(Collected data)
Start of Block

lemma weierstrass_branch_ell_lattice:
  assumes "0 < m" "m < 1"
  defines "\<mu> \<equiv> min (ellK m) (ellK (1 - m))"
  shows "weierstrass_branch (ell_lattice m - {0}) \<mu> (a_branch m) \<mu>"
proof -
  define K K' where "K = ellK m" and "K' = ellK (1 - m)"
  have K: "0 < K" "0 < K'"
    using ellK_pos assms by (auto simp: K_def K'_def)
  have L: "ell_lattice m - {0} = range (lattice_pt K K') - {0}"
    using assms(1) by (simp add: ell_lattice_eq_range K_def K'_def)
  interpret weierstrass_lattice "ell_lattice m - {0}" \<mu>
    unfolding L \<mu>_def K_def[symmetric] K'_def[symmetric] by (rule weierstrass_lattice_rect[OF K])
  have "cmod (wp_reg z) \<le> 4 * (K + K') * (2 + (K + K') / \<mu>) * inverse_cube_sum" if "z \<in> a_branch m" for z
  proof (rule norm_wp_reg_le_if_bounded)
    note strip = a_branch_in_strip[OF that, folded K_def K'_def]
    show "cmod z \<le> K + K'"
      using cmod_le[of z] strip K assms(1) by simp
    fix w assume "w \<in> ell_lattice m - {0}"
    then obtain p where "w = lattice_pt K K' p"
      unfolding L by auto
    then show "cmod w \<le> 2 * cmod (z - w)"
      using strip K assms(1) by (simp add: norm_lattice_pt_le_dist)
  qed
  then have "bounded (wp_reg ` a_branch m)"
    by (auto simp: bounded_iff)
  then show ?thesis
    using K assms(1) a_branch_near_zero_on_axis axis_mem_a_branch
    by (intro weierstrass_branch.intro weierstrass_lattice_axioms weierstrass_branch_axioms.intro)
      (auto simp: \<mu>_def K_def K'_def)
qed

theorem wzeta_branch_asymptotics:
  assumes "0 \<le> m" "m < 1"
  defines "K \<equiv> complex_of_real (ellK m)"
  shows "\<exists>C R. R > 0 \<and> (\<forall>V::real. R \<le> \<bar>V\<bar> \<longrightarrow>
           cmod ((K * wzeta m (THE a. a \<in> a_branch m \<and> wp m a = complex_of_real V)
                   - wzeta m K * (THE a. a \<in> a_branch m \<and> wp m a = complex_of_real V))\<^sup>2
                 - (K\<^sup>2 * complex_of_real V - 2 * K * wzeta m K)) \<le> C / \<bar>V\<bar>)"
proof -
  obtain \<rho> r0 where "weierstrass_branch (ell_lattice m - {0}) \<rho> (a_branch m) r0"
  proof (cases "m = 0")
    case True
    then show ?thesis
      using that weierstrass_branch_ell_lattice_0 by blast
  next
    case False
    then show ?thesis
      using that weierstrass_branch_ell_lattice[of m] assms(1,2) by simp
  qed
  then interpret weierstrass_branch "ell_lattice m - {0}" \<rho> "a_branch m" r0 .
  have "wp m = wp_lat" "wzeta m = zeta_lat"
    by (simp_all add: fun_eq_iff wp_def wzeta_def wp_lat_def zeta_lat_def wp_reg_def zeta_reg_def
        wp_summand_def zeta_summand_def)
  then show ?thesis
    using zeta_branch_asymptotics by simp
qed

lemma kconst_rescaled:
  assumes "c \<noteq> 0"
  shows "complex_of_real (6 * pi\<^sup>2) * kconst c m V / complex_of_real c
           = (complex_of_real (ellK m) * wzeta m (THE a. a \<in> a_branch m \<and> wp m a = complex_of_real V)
              - wzeta m (complex_of_real (ellK m)) * (THE a. a \<in> a_branch m \<and> wp m a = complex_of_real V))\<^sup>2"
proof -
  have "6 * pi\<^sup>2 * (c / (6 * pi\<^sup>2)) = c"
    by simp
  then have "complex_of_real (6 * pi\<^sup>2) * complex_of_real (c / (6 * pi\<^sup>2)) = complex_of_real c"
    by (metis of_real_mult)
  then show ?thesis
    using assms by (simp add: kconst_def Let_def mult.assoc[symmetric])
qed

theorem mainTheorem3:
  fixes c m :: real
  assumes "c \<noteq> 0" and "0 \<le> m" and "m < 1"
  shows "\<exists>C R. R > 0 \<and> (\<forall>V::real. R \<le> \<bar>V\<bar> \<longrightarrow>
           cmod (complex_of_real (6 * pi\<^sup>2) * kconst c m V / complex_of_real c
                 - (complex_of_real ((ellK m)\<^sup>2 * V)
                    - 2 * complex_of_real (ellK m) * wzeta m (complex_of_real (ellK m))))
           \<le> C / \<bar>V\<bar>)"
proof -
  have "complex_of_real ((ellK m)\<^sup>2 * V) = (complex_of_real (ellK m))\<^sup>2 * complex_of_real V" for V
    by simp
  then show ?thesis
    using wzeta_branch_asymptotics[OF assms(2,3)] by (simp only: kconst_rescaled[OF assms(1)])
qed

end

End of Block

Problem requirements:
Restate the data above word for word, omitting nothing.

Response area:
lemma weierstrass_branch_ell_lattice:
  assumes "0 < m" "m < 1"
  defines "\<mu> \<equiv> min (ellK m) (ellK (1 - m))"
  shows "weierstrass_branch (ell_lattice m - {0}) \<mu> (a_branch m) \<mu>"
proof -
  define K K' where "K = ellK m" and "K' = ellK (1 - m)"
  have K: "0 < K" "0 < K'"
    using ellK_pos assms by (auto simp: K_def K'_def)
  have L: "ell_lattice m - {0} = range (lattice_pt K K') - {0}"
    using assms(1) by (simp add: ell_lattice_eq_range K_def K'_def)
  interpret weierstrass_lattice "ell_lattice m - {0}" \<mu>
    unfolding L \<mu>_def K_def[symmetric] K'_def[symmetric] by (rule weierstrass_lattice_rect[OF K])
  have "cmod (wp_reg z) \<le> 4 * (K + K') * (2 + (K + K') / \<mu>) * inverse_cube_sum" if "z \<in> a_branch m" for z
  proof (rule norm_wp_reg_le_if_bounded)
    note strip = a_branch_in_strip[OF that, folded K_def K'_def]
    show "cmod z \<le> K + K'"
      using cmod_le[of z] strip K assms(1) by simp
    fix w assume "w \<in> ell_lattice m - {0}"
    then obtain p where "w = lattice_pt K K' p"
      unfolding L by auto
    then show "cmod w \<le> 2 * cmod (z - w)"
      using strip K assms(1) by (simp add: norm_lattice_pt_le_dist)
  qed
  then have "bounded (wp_reg ` a_branch m)"
    by (auto simp: bounded_iff)
  then show ?thesis
    using K assms(1) a_branch_near_zero_on_axis axis_mem_a_branch
    by (intro weierstrass_branch.intro weierstrass_lattice_axioms weierstrass_branch_axioms.intro)
      (auto simp: \<mu>_def K_def K'_def)
qed

theorem wzeta_branch_asymptotics:
  assumes "0 \<le> m" "m < 1"
  defines "K \<equiv> complex_of_real (ellK m)"
  shows "\<exists>C R. R > 0 \<and> (\<forall>V::real. R \<le> \<bar>V\<bar> \<longrightarrow>
           cmod ((K * wzeta m (THE a. a \<in> a_branch m \<and> wp m a = complex_of_real V)
                   - wzeta m K * (THE a. a \<in> a_branch m \<and> wp m a = complex_of_real V))\<^sup>2
                 - (K\<^sup>2 * complex_of_real V - 2 * K * wzeta m K)) \<le> C / \<bar>V\<bar>)"
proof -
  obtain \<rho> r0 where "weierstrass_branch (ell_lattice m - {0}) \<rho> (a_branch m) r0"
  proof (cases "m = 0")
    case True
    then show ?thesis
      using that weierstrass_branch_ell_lattice_0 by blast
  next
    case False
    then show ?thesis
      using that weierstrass_branch_ell_lattice[of m] assms(1,2) by simp
  qed
  then interpret weierstrass_branch "ell_lattice m - {0}" \<rho> "a_branch m" r0 .
  have "wp m = wp_lat" "wzeta m = zeta_lat"
    by (simp_all add: fun_eq_iff wp_def wzeta_def wp_lat_def zeta_lat_def wp_reg_def zeta_reg_def
        wp_summand_def zeta_summand_def)
  then show ?thesis
    using zeta_branch_asymptotics by simp
qed

lemma kconst_rescaled:
  assumes "c \<noteq> 0"
  shows "complex_of_real (6 * pi\<^sup>2) * kconst c m V / complex_of_real c
           = (complex_of_real (ellK m) * wzeta m (THE a. a \<in> a_branch m \<and> wp m a = complex_of_real V)
              - wzeta m (complex_of_real (ellK m)) * (THE a. a \<in> a_branch m \<and> wp m a = complex_of_real V))\<^sup>2"
proof -
  have "6 * pi\<^sup>2 * (c / (6 * pi\<^sup>2)) = c"
    by simp
  then have "complex_of_real (6 * pi\<^sup>2) * complex_of_real (c / (6 * pi\<^sup>2)) = complex_of_real c"
    by (metis of_real_mult)
  then show ?thesis
    using assms by (simp add: kconst_def Let_def mult.assoc[symmetric])
qed

theorem mainTheorem3:
  fixes c m :: real
  assumes "c \<noteq> 0" and "0 \<le> m" and "m < 1"
  shows "\<exists>C R. R > 0 \<and> (\<forall>V::real. R \<le> \<bar>V\<bar> \<longrightarrow>
           cmod (complex_of_real (6 * pi\<^sup>2) * kconst c m V / complex_of_real c
                 - (complex_of_real ((ellK m)\<^sup>2 * V)
                    - 2 * complex_of_real (ellK m) * wzeta m (complex_of_real (ellK m))))
           \<le> C / \<bar>V\<bar>)"
proof -
  have "complex_of_real ((ellK m)\<^sup>2 * V) = (complex_of_real (ellK m))\<^sup>2 * complex_of_real V" for V
    by simp
  then show ?thesis
    using wzeta_branch_asymptotics[OF assms(2,3)] by (simp only: kconst_rescaled[OF assms(1)])
qed

end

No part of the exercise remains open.